Stored data:
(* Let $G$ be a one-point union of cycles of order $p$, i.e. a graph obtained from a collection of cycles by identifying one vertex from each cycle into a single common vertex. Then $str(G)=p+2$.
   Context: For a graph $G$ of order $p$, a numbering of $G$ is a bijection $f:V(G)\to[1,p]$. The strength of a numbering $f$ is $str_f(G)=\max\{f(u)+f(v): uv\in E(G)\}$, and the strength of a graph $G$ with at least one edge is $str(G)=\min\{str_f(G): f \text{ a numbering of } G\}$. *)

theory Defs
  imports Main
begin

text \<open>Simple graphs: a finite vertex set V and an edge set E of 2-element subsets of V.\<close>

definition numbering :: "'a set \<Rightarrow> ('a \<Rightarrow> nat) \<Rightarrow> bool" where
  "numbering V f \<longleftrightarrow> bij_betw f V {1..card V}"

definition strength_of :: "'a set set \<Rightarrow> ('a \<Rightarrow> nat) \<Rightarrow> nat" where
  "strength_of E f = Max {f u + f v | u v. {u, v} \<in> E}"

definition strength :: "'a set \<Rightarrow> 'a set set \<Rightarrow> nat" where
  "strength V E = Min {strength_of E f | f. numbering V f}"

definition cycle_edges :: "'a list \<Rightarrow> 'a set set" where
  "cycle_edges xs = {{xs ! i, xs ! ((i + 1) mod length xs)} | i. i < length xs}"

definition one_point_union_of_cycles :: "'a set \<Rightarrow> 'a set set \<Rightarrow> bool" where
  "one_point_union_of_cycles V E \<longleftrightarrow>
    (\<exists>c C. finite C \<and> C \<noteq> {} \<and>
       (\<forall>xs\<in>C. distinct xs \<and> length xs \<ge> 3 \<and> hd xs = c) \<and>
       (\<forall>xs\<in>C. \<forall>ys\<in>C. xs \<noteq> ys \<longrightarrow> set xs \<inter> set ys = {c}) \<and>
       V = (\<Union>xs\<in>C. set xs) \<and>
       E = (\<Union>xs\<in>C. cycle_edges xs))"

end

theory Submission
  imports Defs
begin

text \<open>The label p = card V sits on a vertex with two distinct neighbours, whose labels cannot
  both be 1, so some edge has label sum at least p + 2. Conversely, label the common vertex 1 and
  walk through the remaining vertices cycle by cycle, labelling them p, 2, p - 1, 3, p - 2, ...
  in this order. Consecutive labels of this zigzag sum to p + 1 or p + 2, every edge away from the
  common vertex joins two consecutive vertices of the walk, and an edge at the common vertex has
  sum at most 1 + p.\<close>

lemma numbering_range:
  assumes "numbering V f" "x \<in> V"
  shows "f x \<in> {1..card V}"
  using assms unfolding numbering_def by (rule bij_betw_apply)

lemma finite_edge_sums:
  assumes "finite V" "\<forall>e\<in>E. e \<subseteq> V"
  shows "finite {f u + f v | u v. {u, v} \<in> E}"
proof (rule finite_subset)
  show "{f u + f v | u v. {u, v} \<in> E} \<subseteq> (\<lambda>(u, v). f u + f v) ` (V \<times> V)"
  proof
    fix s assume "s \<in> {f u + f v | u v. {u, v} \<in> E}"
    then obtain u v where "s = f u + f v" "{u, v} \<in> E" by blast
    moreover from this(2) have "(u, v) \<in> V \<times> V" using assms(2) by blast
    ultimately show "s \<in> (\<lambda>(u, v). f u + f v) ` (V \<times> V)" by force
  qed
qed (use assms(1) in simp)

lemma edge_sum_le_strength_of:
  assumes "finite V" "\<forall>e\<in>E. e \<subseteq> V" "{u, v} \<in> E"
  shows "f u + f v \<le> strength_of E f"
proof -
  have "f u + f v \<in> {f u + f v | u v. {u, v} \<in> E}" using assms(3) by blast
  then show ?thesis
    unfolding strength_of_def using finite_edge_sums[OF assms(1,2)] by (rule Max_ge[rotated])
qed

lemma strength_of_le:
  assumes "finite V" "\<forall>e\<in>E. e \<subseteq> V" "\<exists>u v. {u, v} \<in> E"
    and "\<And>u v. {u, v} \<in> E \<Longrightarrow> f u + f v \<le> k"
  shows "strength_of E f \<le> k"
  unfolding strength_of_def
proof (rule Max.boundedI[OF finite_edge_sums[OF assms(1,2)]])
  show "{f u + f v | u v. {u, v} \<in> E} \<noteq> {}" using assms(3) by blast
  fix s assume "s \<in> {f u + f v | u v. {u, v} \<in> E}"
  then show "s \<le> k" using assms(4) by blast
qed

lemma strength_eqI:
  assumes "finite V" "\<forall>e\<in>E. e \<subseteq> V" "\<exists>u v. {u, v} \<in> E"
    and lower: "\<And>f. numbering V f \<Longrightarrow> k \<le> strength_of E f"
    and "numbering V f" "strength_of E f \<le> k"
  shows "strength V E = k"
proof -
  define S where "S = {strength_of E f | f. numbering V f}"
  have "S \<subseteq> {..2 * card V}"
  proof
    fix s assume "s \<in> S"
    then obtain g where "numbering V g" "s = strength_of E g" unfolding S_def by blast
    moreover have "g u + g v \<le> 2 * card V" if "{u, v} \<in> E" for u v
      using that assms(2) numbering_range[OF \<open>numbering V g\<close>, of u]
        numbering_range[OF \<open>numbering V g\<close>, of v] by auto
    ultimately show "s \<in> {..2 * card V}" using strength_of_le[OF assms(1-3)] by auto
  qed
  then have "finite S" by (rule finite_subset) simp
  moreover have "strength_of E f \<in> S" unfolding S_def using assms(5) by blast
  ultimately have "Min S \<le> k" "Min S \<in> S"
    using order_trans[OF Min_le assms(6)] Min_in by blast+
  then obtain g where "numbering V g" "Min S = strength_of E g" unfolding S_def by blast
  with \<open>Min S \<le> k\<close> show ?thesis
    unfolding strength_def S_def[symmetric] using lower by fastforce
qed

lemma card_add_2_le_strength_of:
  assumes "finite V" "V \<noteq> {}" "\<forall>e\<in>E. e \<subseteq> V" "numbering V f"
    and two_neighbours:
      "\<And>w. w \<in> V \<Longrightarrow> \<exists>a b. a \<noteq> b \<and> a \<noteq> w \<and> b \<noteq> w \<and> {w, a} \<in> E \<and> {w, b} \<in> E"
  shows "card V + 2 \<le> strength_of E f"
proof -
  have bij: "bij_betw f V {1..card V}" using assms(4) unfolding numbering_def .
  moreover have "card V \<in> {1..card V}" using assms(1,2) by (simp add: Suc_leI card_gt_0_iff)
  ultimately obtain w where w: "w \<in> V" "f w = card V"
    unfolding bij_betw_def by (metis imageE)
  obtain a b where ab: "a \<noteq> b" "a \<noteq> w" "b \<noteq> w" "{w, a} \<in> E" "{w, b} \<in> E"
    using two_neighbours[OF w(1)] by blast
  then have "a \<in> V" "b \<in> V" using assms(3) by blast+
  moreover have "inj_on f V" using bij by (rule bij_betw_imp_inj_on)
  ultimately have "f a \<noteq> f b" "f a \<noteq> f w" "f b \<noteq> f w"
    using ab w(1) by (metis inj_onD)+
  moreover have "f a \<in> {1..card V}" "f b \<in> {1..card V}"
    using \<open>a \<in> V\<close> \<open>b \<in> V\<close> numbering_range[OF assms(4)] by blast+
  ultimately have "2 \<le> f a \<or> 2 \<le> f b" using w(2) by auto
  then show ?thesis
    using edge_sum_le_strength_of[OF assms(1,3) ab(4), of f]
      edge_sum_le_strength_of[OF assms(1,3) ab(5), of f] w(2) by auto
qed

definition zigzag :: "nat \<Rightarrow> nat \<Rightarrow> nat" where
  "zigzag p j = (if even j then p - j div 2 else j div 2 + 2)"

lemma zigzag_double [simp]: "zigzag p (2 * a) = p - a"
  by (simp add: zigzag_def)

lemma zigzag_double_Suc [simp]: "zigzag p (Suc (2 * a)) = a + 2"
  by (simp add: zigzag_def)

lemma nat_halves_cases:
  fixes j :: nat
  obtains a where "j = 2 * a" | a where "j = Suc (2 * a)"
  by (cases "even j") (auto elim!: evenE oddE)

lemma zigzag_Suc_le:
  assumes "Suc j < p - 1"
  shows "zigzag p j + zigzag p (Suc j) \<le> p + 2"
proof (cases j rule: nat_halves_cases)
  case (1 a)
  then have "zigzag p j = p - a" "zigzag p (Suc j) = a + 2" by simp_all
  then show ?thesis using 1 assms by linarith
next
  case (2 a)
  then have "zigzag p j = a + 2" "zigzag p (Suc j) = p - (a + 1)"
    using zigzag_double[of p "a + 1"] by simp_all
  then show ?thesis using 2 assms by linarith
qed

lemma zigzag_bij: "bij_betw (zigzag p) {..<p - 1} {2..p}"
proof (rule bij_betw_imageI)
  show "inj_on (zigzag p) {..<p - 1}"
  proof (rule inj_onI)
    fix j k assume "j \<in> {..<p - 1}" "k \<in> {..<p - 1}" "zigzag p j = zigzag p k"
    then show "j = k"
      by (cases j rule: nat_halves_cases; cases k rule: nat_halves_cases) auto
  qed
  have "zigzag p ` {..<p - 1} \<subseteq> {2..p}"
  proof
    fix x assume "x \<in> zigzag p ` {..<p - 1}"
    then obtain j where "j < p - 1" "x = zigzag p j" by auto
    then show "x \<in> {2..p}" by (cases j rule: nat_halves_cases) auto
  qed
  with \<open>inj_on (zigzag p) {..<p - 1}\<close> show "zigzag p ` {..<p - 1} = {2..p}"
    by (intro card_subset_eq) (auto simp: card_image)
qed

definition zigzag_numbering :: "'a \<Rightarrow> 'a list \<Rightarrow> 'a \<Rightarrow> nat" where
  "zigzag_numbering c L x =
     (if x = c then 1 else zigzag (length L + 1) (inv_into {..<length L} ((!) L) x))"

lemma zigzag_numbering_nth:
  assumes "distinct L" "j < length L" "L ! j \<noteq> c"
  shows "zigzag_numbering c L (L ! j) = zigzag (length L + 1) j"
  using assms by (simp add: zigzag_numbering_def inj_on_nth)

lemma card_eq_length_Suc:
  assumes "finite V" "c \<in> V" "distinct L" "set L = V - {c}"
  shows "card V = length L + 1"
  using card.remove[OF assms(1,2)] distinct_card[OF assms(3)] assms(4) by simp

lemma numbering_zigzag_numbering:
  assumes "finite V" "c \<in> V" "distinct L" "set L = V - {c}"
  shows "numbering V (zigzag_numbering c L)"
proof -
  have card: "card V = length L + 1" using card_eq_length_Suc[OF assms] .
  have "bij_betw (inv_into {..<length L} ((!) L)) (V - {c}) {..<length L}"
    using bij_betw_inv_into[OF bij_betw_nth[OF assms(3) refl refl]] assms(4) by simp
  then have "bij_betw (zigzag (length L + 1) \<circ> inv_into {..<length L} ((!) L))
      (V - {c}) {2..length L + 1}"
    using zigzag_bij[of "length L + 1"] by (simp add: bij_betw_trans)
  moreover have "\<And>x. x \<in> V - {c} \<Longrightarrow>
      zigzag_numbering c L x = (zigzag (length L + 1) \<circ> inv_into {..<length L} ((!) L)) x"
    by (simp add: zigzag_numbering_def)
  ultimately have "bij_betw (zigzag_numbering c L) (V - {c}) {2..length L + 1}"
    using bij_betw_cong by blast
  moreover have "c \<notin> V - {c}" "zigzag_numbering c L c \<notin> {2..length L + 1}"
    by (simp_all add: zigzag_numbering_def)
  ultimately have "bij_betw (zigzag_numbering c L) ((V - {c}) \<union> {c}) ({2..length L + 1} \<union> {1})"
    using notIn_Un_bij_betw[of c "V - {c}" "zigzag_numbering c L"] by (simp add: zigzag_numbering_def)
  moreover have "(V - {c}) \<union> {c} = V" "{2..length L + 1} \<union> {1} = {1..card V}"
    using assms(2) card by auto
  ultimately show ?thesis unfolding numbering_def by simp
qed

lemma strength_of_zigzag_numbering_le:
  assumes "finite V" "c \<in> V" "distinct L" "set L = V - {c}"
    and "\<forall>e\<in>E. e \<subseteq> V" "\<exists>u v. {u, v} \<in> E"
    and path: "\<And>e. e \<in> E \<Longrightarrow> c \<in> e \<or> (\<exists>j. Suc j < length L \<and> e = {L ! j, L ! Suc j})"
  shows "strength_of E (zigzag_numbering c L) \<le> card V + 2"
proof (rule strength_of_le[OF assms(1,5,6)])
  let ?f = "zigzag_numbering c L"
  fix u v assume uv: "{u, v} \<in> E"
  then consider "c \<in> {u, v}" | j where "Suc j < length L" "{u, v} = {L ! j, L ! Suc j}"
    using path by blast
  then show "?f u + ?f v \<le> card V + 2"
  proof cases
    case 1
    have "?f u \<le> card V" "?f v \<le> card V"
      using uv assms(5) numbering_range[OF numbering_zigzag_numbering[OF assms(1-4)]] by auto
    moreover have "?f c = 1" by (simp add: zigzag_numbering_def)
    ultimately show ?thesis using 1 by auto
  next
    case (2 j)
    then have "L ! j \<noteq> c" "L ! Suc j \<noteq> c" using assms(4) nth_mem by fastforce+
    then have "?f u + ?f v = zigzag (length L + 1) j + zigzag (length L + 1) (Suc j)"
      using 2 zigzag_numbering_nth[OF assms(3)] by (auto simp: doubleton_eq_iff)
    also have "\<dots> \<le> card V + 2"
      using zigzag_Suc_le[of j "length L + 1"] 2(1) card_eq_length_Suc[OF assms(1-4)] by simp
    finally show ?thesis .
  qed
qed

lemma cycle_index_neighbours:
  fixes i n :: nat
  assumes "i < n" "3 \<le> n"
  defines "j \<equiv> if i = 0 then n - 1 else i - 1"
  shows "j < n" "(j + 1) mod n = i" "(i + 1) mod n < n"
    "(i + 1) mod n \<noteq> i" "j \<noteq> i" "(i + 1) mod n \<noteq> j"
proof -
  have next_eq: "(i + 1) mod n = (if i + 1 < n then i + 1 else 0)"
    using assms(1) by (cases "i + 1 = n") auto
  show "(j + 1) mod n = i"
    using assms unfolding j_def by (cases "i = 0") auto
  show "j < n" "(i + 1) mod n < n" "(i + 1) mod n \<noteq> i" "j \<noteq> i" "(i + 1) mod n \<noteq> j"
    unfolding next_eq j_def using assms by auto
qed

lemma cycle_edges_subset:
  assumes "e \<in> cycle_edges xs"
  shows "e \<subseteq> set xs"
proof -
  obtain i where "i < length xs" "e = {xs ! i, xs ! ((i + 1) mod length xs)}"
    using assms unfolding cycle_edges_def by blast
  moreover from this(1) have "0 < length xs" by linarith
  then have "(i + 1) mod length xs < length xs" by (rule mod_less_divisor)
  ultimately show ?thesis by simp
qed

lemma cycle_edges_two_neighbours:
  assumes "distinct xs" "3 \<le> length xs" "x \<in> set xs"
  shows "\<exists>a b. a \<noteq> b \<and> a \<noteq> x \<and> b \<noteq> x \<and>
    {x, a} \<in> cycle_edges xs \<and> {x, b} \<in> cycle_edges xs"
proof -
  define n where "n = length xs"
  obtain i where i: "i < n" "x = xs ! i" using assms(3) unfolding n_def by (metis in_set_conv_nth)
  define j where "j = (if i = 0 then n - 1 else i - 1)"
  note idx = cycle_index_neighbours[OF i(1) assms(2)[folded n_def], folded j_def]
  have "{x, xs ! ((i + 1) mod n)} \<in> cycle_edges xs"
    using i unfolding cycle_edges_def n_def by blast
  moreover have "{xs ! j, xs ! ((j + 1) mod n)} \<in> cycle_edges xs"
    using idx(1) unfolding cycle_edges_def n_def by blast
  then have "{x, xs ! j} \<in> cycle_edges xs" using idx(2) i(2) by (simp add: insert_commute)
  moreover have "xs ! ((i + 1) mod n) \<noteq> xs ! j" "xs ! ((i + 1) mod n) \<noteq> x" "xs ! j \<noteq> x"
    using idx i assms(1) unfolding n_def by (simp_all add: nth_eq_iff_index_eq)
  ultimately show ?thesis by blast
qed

---

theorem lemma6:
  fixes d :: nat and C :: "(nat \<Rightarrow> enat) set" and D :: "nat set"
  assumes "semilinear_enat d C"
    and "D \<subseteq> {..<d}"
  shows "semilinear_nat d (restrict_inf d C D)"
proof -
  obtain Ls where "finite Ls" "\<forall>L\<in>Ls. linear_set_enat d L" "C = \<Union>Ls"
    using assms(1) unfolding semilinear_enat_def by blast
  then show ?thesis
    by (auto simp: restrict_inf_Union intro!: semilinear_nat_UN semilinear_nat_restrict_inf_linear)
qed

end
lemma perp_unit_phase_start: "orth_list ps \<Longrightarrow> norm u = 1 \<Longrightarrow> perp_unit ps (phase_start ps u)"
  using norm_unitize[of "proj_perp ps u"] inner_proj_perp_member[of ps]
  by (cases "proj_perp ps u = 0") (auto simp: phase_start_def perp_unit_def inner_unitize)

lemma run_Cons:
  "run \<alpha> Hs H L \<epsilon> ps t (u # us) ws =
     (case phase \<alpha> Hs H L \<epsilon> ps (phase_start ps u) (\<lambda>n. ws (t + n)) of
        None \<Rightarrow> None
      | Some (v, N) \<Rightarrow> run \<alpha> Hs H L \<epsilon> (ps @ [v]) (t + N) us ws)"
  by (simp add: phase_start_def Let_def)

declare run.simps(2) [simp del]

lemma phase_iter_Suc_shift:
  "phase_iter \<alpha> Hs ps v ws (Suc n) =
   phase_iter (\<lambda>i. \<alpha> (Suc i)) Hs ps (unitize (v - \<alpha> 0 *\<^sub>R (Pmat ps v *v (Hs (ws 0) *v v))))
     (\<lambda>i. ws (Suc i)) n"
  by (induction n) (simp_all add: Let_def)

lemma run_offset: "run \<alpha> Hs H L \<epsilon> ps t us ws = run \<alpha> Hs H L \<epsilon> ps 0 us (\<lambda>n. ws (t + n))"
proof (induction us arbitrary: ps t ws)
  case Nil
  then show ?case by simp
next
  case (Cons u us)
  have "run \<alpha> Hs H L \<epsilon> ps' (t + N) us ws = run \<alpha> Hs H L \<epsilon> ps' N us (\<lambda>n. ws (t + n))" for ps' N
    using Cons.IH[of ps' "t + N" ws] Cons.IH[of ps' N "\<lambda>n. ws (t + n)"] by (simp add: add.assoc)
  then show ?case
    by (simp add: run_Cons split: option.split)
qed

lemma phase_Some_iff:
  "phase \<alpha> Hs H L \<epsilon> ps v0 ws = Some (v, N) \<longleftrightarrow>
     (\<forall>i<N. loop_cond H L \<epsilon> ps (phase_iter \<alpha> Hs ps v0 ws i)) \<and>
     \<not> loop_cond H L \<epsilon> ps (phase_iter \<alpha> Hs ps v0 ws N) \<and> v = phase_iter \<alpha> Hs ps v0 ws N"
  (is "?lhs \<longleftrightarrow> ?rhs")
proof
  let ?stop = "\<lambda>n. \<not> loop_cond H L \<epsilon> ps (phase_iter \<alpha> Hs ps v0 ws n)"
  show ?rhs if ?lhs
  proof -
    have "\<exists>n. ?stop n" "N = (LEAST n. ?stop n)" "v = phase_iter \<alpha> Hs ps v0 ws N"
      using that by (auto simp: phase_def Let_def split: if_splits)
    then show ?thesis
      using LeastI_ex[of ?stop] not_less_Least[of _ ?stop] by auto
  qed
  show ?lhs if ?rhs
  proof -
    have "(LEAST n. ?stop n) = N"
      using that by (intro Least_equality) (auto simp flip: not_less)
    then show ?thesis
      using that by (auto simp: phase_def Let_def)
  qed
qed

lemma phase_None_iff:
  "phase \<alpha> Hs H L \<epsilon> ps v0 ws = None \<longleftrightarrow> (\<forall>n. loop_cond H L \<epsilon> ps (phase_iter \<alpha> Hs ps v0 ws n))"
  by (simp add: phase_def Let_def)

- _Your goal_:
Read through the entries above and copy each line that has the string "induction" in it.

- _Answer for this exercise_:
  by (induction n) (simp_all add: Let_def)
proof (induction us arbitrary: ps t ws)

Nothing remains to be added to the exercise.